◆ **Exercise aim**: In the records that follow, locate every line with "where" and extract it.

Stored data:

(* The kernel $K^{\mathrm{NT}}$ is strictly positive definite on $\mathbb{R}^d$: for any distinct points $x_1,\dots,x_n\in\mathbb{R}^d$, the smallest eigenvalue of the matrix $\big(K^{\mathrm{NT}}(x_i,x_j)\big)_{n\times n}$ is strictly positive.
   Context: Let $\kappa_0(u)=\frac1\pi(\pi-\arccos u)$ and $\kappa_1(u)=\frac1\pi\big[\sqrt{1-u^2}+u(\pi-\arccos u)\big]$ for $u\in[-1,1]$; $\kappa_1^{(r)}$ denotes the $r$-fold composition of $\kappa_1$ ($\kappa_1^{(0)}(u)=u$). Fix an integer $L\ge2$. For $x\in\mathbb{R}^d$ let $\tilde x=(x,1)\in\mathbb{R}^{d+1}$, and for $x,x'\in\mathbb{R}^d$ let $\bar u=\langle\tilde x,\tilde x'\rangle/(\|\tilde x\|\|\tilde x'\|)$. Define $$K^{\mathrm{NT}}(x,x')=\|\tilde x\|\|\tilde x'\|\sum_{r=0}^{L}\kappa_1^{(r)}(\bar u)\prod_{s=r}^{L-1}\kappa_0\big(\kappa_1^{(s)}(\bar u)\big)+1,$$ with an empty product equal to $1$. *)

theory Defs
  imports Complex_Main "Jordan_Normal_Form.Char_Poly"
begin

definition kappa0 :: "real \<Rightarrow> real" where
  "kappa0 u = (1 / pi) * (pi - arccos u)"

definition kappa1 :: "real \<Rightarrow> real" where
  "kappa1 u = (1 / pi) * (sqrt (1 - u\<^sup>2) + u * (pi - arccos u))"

◆ **Answer section**:
definition kappa0 :: "real \<Rightarrow> real" where
definition kappa1 :: "real \<Rightarrow> real" where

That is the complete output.